Scallops are really delicate flavor things and my favorite seafood.  We used to get them directly off the boat in Kodiak frozen in 5# muslin bags.  For some reason when we sent the girls to do the buying we got a MUCH better deal!  They were younger 25 years ago, too!

We have been known to take a bag out of the freezer and pry scallops off as the block thawed and eat them raw dipped in soy and wasabi.  Many a 5# block disappeared in an afternoon that way...  If I remember correctly at least a few beers disappeared with them.

Seeing as I love them raw the notion of cooking them too much is a problem...  I would get the smoker boiling with smoke and no heat and place the raw scallops in a foil boat, nothing anywhere near them to interfer with the flavor.  After about 30 minutes in the smoke I would grill them on skewers, very hot and VERY briefly.  Dip in sauces for flavor, but the seared surface texture is just amazing!  The centers would be essentially raw, very glassy looking.  My mother when visiting would not eat them that way... Insisted we burn some for her! :icon_wink:

When doing them in bacon I parboiled the bacon so it would cook very fast on the grill...  We like them glassy in the middle, too.

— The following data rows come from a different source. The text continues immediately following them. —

text \<open>The states of all items are drawn independently up front; the policy only uses
  Phi(i) after selecting i, so this gives the same distribution.
  The order: sort_key is a stable sort, applied to the list of S in increasing index
  order, so items are sorted by t with ties broken by least index.\<close>
definition policy_io ::
  "nat set \<Rightarrow> (nat \<Rightarrow> nat pmf) \<Rightarrow> (nat \<Rightarrow> nat \<Rightarrow> nat) \<Rightarrow> nat \<Rightarrow> nat
    \<Rightarrow> ((nat \<Rightarrow> real) \<Rightarrow> nat set \<Rightarrow> nat set pmf) \<Rightarrow> (nat \<Rightarrow> nat \<Rightarrow> real) \<Rightarrow> (nat \<Rightarrow> nat) pmf" where
  "policy_io I p c B C chi y =
     bind_pmf (Rdist I (ybar y c B C)) (\<lambda>R.
     bind_pmf (chi (ybar y c B C) R) (\<lambda>S.
     bind_pmf (Pi_pmf S 0 (tdist y c B C)) (\<lambda>t.
     bind_pmf (Pi_pmf I 0 p) (\<lambda>\<phi>.
       let ord = sort_key t (sorted_list_of_set S);
           sel = run_sel c t \<phi> 0 ord
       in return_pmf (\<lambda>i. if i \<in> sel then \<phi> i else 0)))))"

definition f_avg_io ::
  "((nat \<Rightarrow> nat) \<Rightarrow> real) \<Rightarrow> nat set \<Rightarrow> (nat \<Rightarrow> nat pmf) \<Rightarrow> (nat \<Rightarrow> nat \<Rightarrow> nat) \<Rightarrow> nat \<Rightarrow> nat
    \<Rightarrow> ((nat \<Rightarrow> real) \<Rightarrow> nat set \<Rightarrow> nat set pmf) \<Rightarrow> (nat \<Rightarrow> nat \<Rightarrow> real) \<Rightarrow> real" where
  "f_avg_io f I p c B C chi y = measure_pmf.expectation (policy_io I p c B C chi y) f"

definition h_dist :: "nat set \<Rightarrow> (nat \<Rightarrow> nat pmf) \<Rightarrow> (nat \<Rightarrow> real) \<Rightarrow> (nat \<Rightarrow> nat) pmf" where
  "h_dist I p z = Pi_pmf I 0 (\<lambda>i. bind_pmf (bernoulli_pmf (z i))
                                   (\<lambda>b. if b then p i else return_pmf 0))"

definition Rv :: "(nat \<Rightarrow> nat) \<Rightarrow> nat set" where
  "Rv v = {i. v i \<noteq> 0}"

definition psi_a :: "((nat \<Rightarrow> real) \<Rightarrow> nat set \<Rightarrow> nat set pmf) \<Rightarrow> (nat \<Rightarrow> real) \<Rightarrow> (nat \<Rightarrow> nat)
    \<Rightarrow> (nat \<Rightarrow> nat) pmf" where
  "psi_a chi z v = map_pmf (\<lambda>S i. if i \<in> S then v i else 0) (chi z (Rv v))"

definition psi_b :: "(nat \<Rightarrow> nat \<Rightarrow> real) \<Rightarrow> (nat \<Rightarrow> nat \<Rightarrow> nat) \<Rightarrow> nat \<Rightarrow> nat \<Rightarrow> (nat \<Rightarrow> nat)
    \<Rightarrow> (nat \<Rightarrow> nat) pmf" where
  "psi_b y c B C v = map_pmf
     (\<lambda>t i. if i \<in> Rv v \<and> (\<Sum>i'\<in>{i' \<in> Rv v - {i}. t i' \<le> t i}. c i' (v i')) \<le> t i
            then v i else 0)
     (Pi_pmf (Rv v) 0 (tdist y c B C))"

definition psi_c :: "((nat \<Rightarrow> real) \<Rightarrow> nat set \<Rightarrow> nat set pmf) \<Rightarrow> (nat \<Rightarrow> nat \<Rightarrow> real)
    \<Rightarrow> (nat \<Rightarrow> nat \<Rightarrow> nat) \<Rightarrow> nat \<Rightarrow> nat \<Rightarrow> (nat \<Rightarrow> nat) \<Rightarrow> (nat \<Rightarrow> nat) pmf" where
  "psi_c chi y c B C v =
     bind_pmf (psi_a chi (ybar y c B C) v) (\<lambda>a.
     bind_pmf (psi_b y c B C v) (\<lambda>b.
       return_pmf (\<lambda>i. if a i = v i \<and> b i = v i then v i else 0)))"

end

theory Submission
  imports Defs
begin

text \<open>Couple the policy with \<open>\<psi>\<^sup>c\<close>: draw \<open>v \<sim> h\<close> (a random set \<open>R\<close> together with
  the states of its items), the CRS output \<open>S \<subseteq> R\<close>, and slot times \<open>t\<close> for the items
  of \<open>R\<close>; both the policy and \<open>\<psi>\<^sup>c\<close> can be run on this sample.  If \<open>\<psi>\<^sup>c\<close> keeps an
  item \<open>i\<close>, then the items of \<open>S\<close> scheduled no later than \<open>i\<close> have total cost at most
  \<open>t(i)\<close>; the policy's counter, which only adds costs of such items, is therefore at most
  \<open>t(i)\<close> when it reaches \<open>i\<close>, so the policy selects \<open>i\<close> as well.  Thus \<open>\<psi>\<^sup>c(v)\<close> is
  coordinatewise below the policy's outcome, and monotonicity of \<open>f\<close> yields the
  inequality of expectations.\<close>

lemma vecs_downward_closed: "u \<le> w \<Longrightarrow> w \<in> vecs I B \<Longrightarrow> u \<in> vecs I B"
  unfolding vecs_def le_fun_def using le_trans by fastforce

lemma finite_vecs:
  assumes "finite I"
  shows "finite (vecs I B)"
proof -
  have "vecs I B = PiE_dflt I 0 (\<lambda>_. {..B})"
    by (auto simp: vecs_def PiE_dflt_def)
  then show ?thesis
    using assms by auto
qed

lemma Rv_subset_if_in_vecs: "v \<in> vecs I B \<Longrightarrow> Rv v \<subseteq> I"
  by (auto simp: vecs_def Rv_def)

lemma expectation_map_pmf_mono:
  assumes "monotone_fn I B f" "finite I"
    and "\<And>\<omega>. \<omega> \<in> set_pmf \<Omega> \<Longrightarrow> g \<omega> \<le> h \<omega>"
    and "\<And>\<omega>. \<omega> \<in> set_pmf \<Omega> \<Longrightarrow> h \<omega> \<in> vecs I B"
  shows "measure_pmf.expectation (map_pmf g \<Omega>) f \<le> measure_pmf.expectation (map_pmf h \<Omega>) f"
proof -
  have g_vecs: "\<And>\<omega>. \<omega> \<in> set_pmf \<Omega> \<Longrightarrow> g \<omega> \<in> vecs I B"
    using assms(3,4) vecs_downward_closed by blast
  have "finite (set_pmf (map_pmf g \<Omega>))" "finite (set_pmf (map_pmf h \<Omega>))"
    using g_vecs assms(4) finite_vecs[OF assms(2)] by (auto intro: finite_subset)
  then have "integrable \<Omega> (\<lambda>\<omega>. f (g \<omega>))" "integrable \<Omega> (\<lambda>\<omega>. f (h \<omega>))"
    using integrable_measure_pmf_finite integrable_map_pmf_eq by blast+
  moreover have "AE \<omega> in \<Omega>. f (g \<omega>) \<le> f (h \<omega>)"
    using assms(1,3,4) g_vecs by (intro AE_pmfI) (simp add: monotone_fn_def)
  ultimately show ?thesis by (simp add: integral_mono_AE)
qed

lemma subset_if_in_set_Rdist: "R \<in> set_pmf (Rdist I z) \<Longrightarrow> R \<subseteq> I"
  unfolding Rdist_def set_map_pmf by blast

Just dropping a bunch in very hot rosemary garlic butter in a skillet, very briefly does not suck either.

Back in the day the scallops were so big you have to have seen them to believe just how big they were.  They were exactly the same taste and texture no matter the size, too.  The crew usually kept a stack of the biggest shells and the girls often came home with several to stacks of them for use in cooking.  The biggest were often bigger than a large dinner plate.

Clam patties baked on scallop shells were a regular meal item then, too.  It all makes me hungry!
art


----------



## kathrynn (Feb 15, 2013)

Scallops are probably my favorite seafood! I cant wait to see what you do with them. Make sure to take pictures and share!

Kat


----------